━━━ Exercise data ━━━

lemma isomorphic_obj_trans:
  assumes "isomorphic_obj C A B" "isomorphic_obj C B D"
  shows "isomorphic_obj C A D"
proof -
  obtain f g where f: "f \<in> ar C" "g \<in> ar C" "dm C f = A" "cd C f = B" "dm C g = B" "cd C g = A"
     "cmp C g f = idn C A" "cmp C f g = idn C B"
    using assms(1) unfolding isomorphic_obj_iff inverse_pair_def by blast
  obtain f' g' where f': "f' \<in> ar C" "g' \<in> ar C" "dm C f' = B" "cd C f' = D" "dm C g' = D" "cd C g' = B"
     "cmp C g' f' = idn C B" "cmp C f' g' = idn C D"
    using assms(2) unfolding isomorphic_obj_iff inverse_pair_def by blast
  have "cmp C g (cmp C g' (cmp C f' f)) = idn C A" "cmp C f' (cmp C f (cmp C g g')) = idn C D"
    using f f' by (simp_all add: cmp_reassoc[OF f'(7)] cmp_reassoc[OF f(8)])
  then show ?thesis unfolding isomorphic_obj_iff inverse_pair_def
    by - (rule exI[of _ "cmp C f' f"], rule exI[of _ "cmp C g g'"], use f f' in simp)
qed

lemma zero_objs_isomorphic: "is_zero_obj C Z \<Longrightarrow> is_zero_obj C Z' \<Longrightarrow> isomorphic_obj C Z Z'"
  unfolding isomorphic_obj_iff inverse_pair_def
  by (rule exI[of _ "zro C Z Z'"], rule exI[of _ "zro C Z' Z"]) (auto simp: is_zero_obj_def)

━━━

- Activity
All records should be written out again exactly as given.

- Exercise response
lemma isomorphic_obj_trans:
  assumes "isomorphic_obj C A B" "isomorphic_obj C B D"
  shows "isomorphic_obj C A D"
proof -
  obtain f g where f: "f \<in> ar C" "g \<in> ar C" "dm C f = A" "cd C f = B" "dm C g = B" "cd C g = A"
     "cmp C g f = idn C A" "cmp C f g = idn C B"
    using assms(1) unfolding isomorphic_obj_iff inverse_pair_def by blast
  obtain f' g' where f': "f' \<in> ar C" "g' \<in> ar C" "dm C f' = B" "cd C f' = D" "dm C g' = D" "cd C g' = B"
     "cmp C g' f' = idn C B" "cmp C f' g' = idn C D"
    using assms(2) unfolding isomorphic_obj_iff inverse_pair_def by blast
  have "cmp C g (cmp C g' (cmp C f' f)) = idn C A" "cmp C f' (cmp C f (cmp C g g')) = idn C D"
    using f f' by (simp_all add: cmp_reassoc[OF f'(7)] cmp_reassoc[OF f(8)])
  then show ?thesis unfolding isomorphic_obj_iff inverse_pair_def
    by - (rule exI[of _ "cmp C f' f"], rule exI[of _ "cmp C g g'"], use f f' in simp)
qed

lemma zero_objs_isomorphic: "is_zero_obj C Z \<Longrightarrow> is_zero_obj C Z' \<Longrightarrow> isomorphic_obj C Z Z'"
  unfolding isomorphic_obj_iff inverse_pair_def
  by (rule exI[of _ "zro C Z Z'"], rule exI[of _ "zro C Z' Z"]) (auto simp: is_zero_obj_def)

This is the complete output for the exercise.